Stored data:
(* Let $G$ be a connected claw-free graph of order $n$. Then $\gamma_{oir2}(G)\geq n/2$. Moreover, $\gamma_{oir2}(G)=n/2$ if and only if $G$ is isomorphic to a graph in the family $\mathcal{G}=\mathcal{G}_1\cup\mathcal{G}_2\cup\mathcal{G}_3$ described in the context.
   Context: All graphs are finite and simple. For a graph $G$, a function $f:V(G)\to\mathcal{P}(\{1,2\})$ is a 2-rainbow dominating function if every vertex $v$ with $f(v)=\emptyset$ satisfies $\bigcup_{u\in N(v)}f(u)=\{1,2\}$. It is an outer-independent 2-rainbow dominating function (OI2RD function) if, in addition, the set $\{v: f(v)=\emptyset\}$ is independent. The weight of $f$ is $\sum_{v\in V(G)}|f(v)|$, and $\gamma_{oir2}(G)$ is the minimum weight of an OI2RD function of $G$. A graph is claw-free if it has no induced subgraph isomorphic to $K_{1,3}$. For $k\geq 1$, a $k$-unit is the graph with vertices $v_1,\dots,v_k,u_1,\dots,u_{k-1}$ whose edges are $v_iv_{i+1}$ and $u_iv_i$, $u_iv_{i+1}$ for $1\le i\le k-1$ (a path $v_1\cdots v_k$ with a triangle on each path edge; it has $k-1$ triangles; a 1-unit is $K_1$). Call $v_1$ and $v_k$ its first and last path vertices. $\mathcal{G}_1$: take integers $r\ge1$ and $k_1,\dots,k_r\ge1$ with $k_1+\dots+k_r$ even, take disjoint units $U_1,\dots,U_r$ where $U_j$ is a $k_j$-unit with path $v^j_1\cdots v^j_{k_j}$, and add new vertices $w_1,\dots,w_r$, where $w_j$ is adjacent exactly to $v^j_{k_j}$ and $v^{j+1}_1$ (indices of units taken modulo $r$, so $w_r$ is adjacent to $v^r_{k_r}$ and $v^1_1$). (This includes the cycles $C_n$ with $n\equiv 0 \pmod 4$, when all $k_j=1$.) $\mathcal{G}_2$: take a $k$-unit with $k\ge2$ even (so the number of triangles $k-1$ is odd) and add one new vertex adjacent exactly to $v_1$ and $v_k$. $\mathcal{G}_3$: take a cycle $x_1x_2\cdots x_{2q}x_1$ of even length $2q\ge4$ and, for each cycle edge $x_ix_{i+1}$ (indices mod $2q$), add a new vertex adjacent exactly to $x_i$ and $x_{i+1}$ (so the number of triangles is even). *)

theory Defs
  imports Complex_Main
begin

definition simple_graph :: "'a set \<Rightarrow> ('a \<Rightarrow> 'a \<Rightarrow> bool) \<Rightarrow> bool" where
  "simple_graph V E \<longleftrightarrow> finite V \<and> (\<forall>u v. E u v \<longrightarrow> u \<in> V \<and> v \<in> V)
     \<and> (\<forall>u v. E u v \<longrightarrow> E v u) \<and> (\<forall>v. \<not> E v v)"

definition connected_graph :: "'a set \<Rightarrow> ('a \<Rightarrow> 'a \<Rightarrow> bool) \<Rightarrow> bool" where
  "connected_graph V E \<longleftrightarrow> V \<noteq> {} \<and> (\<forall>u\<in>V. \<forall>v\<in>V. E\<^sup>*\<^sup>* u v)"

definition claw_free :: "'a set \<Rightarrow> ('a \<Rightarrow> 'a \<Rightarrow> bool) \<Rightarrow> bool" where
  "claw_free V E \<longleftrightarrow> \<not> (\<exists>a\<in>V. \<exists>b\<in>V. \<exists>c\<in>V. \<exists>d\<in>V.
      E a b \<and> E a c \<and> E a d \<and> b \<noteq> c \<and> b \<noteq> d \<and> c \<noteq> d
      \<and> \<not> E b c \<and> \<not> E b d \<and> \<not> E c d)"

definition graph_iso :: "'a set \<Rightarrow> ('a \<Rightarrow> 'a \<Rightarrow> bool) \<Rightarrow> 'b set \<Rightarrow> ('b \<Rightarrow> 'b \<Rightarrow> bool) \<Rightarrow> bool" where
  "graph_iso V E V' E' \<longleftrightarrow> (\<exists>f. bij_betw f V V' \<and> (\<forall>u\<in>V. \<forall>v\<in>V. E u v \<longleftrightarrow> E' (f u) (f v)))"

definition oi2rd :: "'a set \<Rightarrow> ('a \<Rightarrow> 'a \<Rightarrow> bool) \<Rightarrow> ('a \<Rightarrow> nat set) \<Rightarrow> bool" where
  "oi2rd V E f \<longleftrightarrow>
     (\<forall>v\<in>V. f v \<subseteq> {1, 2})
   \<and> (\<forall>v\<in>V. f v = {} \<longrightarrow> (\<Union>u\<in>{u\<in>V. E v u}. f u) = {1, 2})
   \<and> (\<forall>u\<in>V. \<forall>v\<in>V. f u = {} \<and> f v = {} \<longrightarrow> \<not> E u v)"

definition weight :: "'a set \<Rightarrow> ('a \<Rightarrow> nat set) \<Rightarrow> nat" where
  "weight V f = (\<Sum>v\<in>V. card (f v))"

definition gamma_oir2 :: "'a set \<Rightarrow> ('a \<Rightarrow> 'a \<Rightarrow> bool) \<Rightarrow> nat" where
  "gamma_oir2 V E = (LEAST w. \<exists>f. oi2rd V E f \<and> weight V f = w)"

text \<open>Vertices: GP j i is path vertex v^(j)_(i+1) of unit j (0-indexed),
  GU j i is the triangle vertex u^(j)_(i+1), GW j is the connector w_(j+1).\<close>

datatype gv = GP nat nat | GU nat nat | GW nat

definition sym_rel :: "('b \<Rightarrow> 'b \<Rightarrow> bool) \<Rightarrow> 'b \<Rightarrow> 'b \<Rightarrow> bool" where
  "sym_rel R x y \<longleftrightarrow> R x y \<or> R y x"

definition G1V :: "nat \<Rightarrow> (nat \<Rightarrow> nat) \<Rightarrow> gv set" where
  "G1V r k = {GP j i | j i. j < r \<and> i < k j} \<union> {GU j i | j i. j < r \<and> Suc i < k j}
      \<union> {GW j | j. j < r}"

definition G1A :: "nat \<Rightarrow> (nat \<Rightarrow> nat) \<Rightarrow> gv \<Rightarrow> gv \<Rightarrow> bool" where
  "G1A r k x y \<longleftrightarrow>
     (\<exists>j<r. \<exists>i. Suc i < k j \<and>
        ((x = GP j i \<and> y = GP j (Suc i)) \<or> (x = GU j i \<and> y = GP j i)
         \<or> (x = GU j i \<and> y = GP j (Suc i))))
   \<or> (\<exists>j<r. x = GW j \<and> (y = GP j (k j - 1) \<or> y = GP (Suc j mod r) 0))"

definition G1E :: "nat \<Rightarrow> (nat \<Rightarrow> nat) \<Rightarrow> gv \<Rightarrow> gv \<Rightarrow> bool" where
  "G1E r k = sym_rel (G1A r k)"

definition G2V :: "nat \<Rightarrow> gv set" where
  "G2V k = {GP 0 i | i. i < k} \<union> {GU 0 i | i. Suc i < k} \<union> {GW 0}"

definition G2A :: "nat \<Rightarrow> gv \<Rightarrow> gv \<Rightarrow> bool" where
  "G2A k x y \<longleftrightarrow>
     (\<exists>i. Suc i < k \<and>
        ((x = GP 0 i \<and> y = GP 0 (Suc i)) \<or> (x = GU 0 i \<and> y = GP 0 i)
         \<or> (x = GU 0 i \<and> y = GP 0 (Suc i))))
   \<or> (x = GW 0 \<and> (y = GP 0 0 \<or> y = GP 0 (k - 1)))"

definition G2E :: "nat \<Rightarrow> gv \<Rightarrow> gv \<Rightarrow> bool" where
  "G2E k = sym_rel (G2A k)"

definition G3V :: "nat \<Rightarrow> gv set" where
  "G3V q = {GP 0 i | i. i < 2 * q} \<union> {GU 0 i | i. i < 2 * q}"

definition G3A :: "nat \<Rightarrow> gv \<Rightarrow> gv \<Rightarrow> bool" where
  "G3A q x y \<longleftrightarrow>
     (\<exists>i<2 * q. (x = GP 0 i \<and> y = GP 0 (Suc i mod (2 * q)))
        \<or> (x = GU 0 i \<and> y = GP 0 i) \<or> (x = GU 0 i \<and> y = GP 0 (Suc i mod (2 * q))))"

definition G3E :: "nat \<Rightarrow> gv \<Rightarrow> gv \<Rightarrow> bool" where
  "G3E q = sym_rel (G3A q)"

definition in_family_G :: "'a set \<Rightarrow> ('a \<Rightarrow> 'a \<Rightarrow> bool) \<Rightarrow> bool" where
  "in_family_G V E \<longleftrightarrow>
     (\<exists>r k. r \<ge> 1 \<and> (\<forall>j<r. k j \<ge> 1) \<and> even (\<Sum>j<r. k j) \<and> graph_iso V E (G1V r k) (G1E r k))
   \<or> (\<exists>k. k \<ge> 2 \<and> even k \<and> graph_iso V E (G2V k) (G2E k))
   \<or> (\<exists>q. q \<ge> 2 \<and> graph_iso V E (G3V q) (G3E q))"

What you have to do -
What is needed is a verbatim copy of every line in the records above from the one containing "set \<Rightarrow> ('a \<Rightarrow> nat" down to the one containing "y \<longleftrightarrow> R", both included, and nothing more.

Written solution -
definition weight :: "'a set \<Rightarrow> ('a \<Rightarrow> nat set) \<Rightarrow> nat" where
  "weight V f = (\<Sum>v\<in>V. card (f v))"

definition gamma_oir2 :: "'a set \<Rightarrow> ('a \<Rightarrow> 'a \<Rightarrow> bool) \<Rightarrow> nat" where
  "gamma_oir2 V E = (LEAST w. \<exists>f. oi2rd V E f \<and> weight V f = w)"

text \<open>Vertices: GP j i is path vertex v^(j)_(i+1) of unit j (0-indexed),
  GU j i is the triangle vertex u^(j)_(i+1), GW j is the connector w_(j+1).\<close>

datatype gv = GP nat nat | GU nat nat | GW nat

definition sym_rel :: "('b \<Rightarrow> 'b \<Rightarrow> bool) \<Rightarrow> 'b \<Rightarrow> 'b \<Rightarrow> bool" where
  "sym_rel R x y \<longleftrightarrow> R x y \<or> R y x"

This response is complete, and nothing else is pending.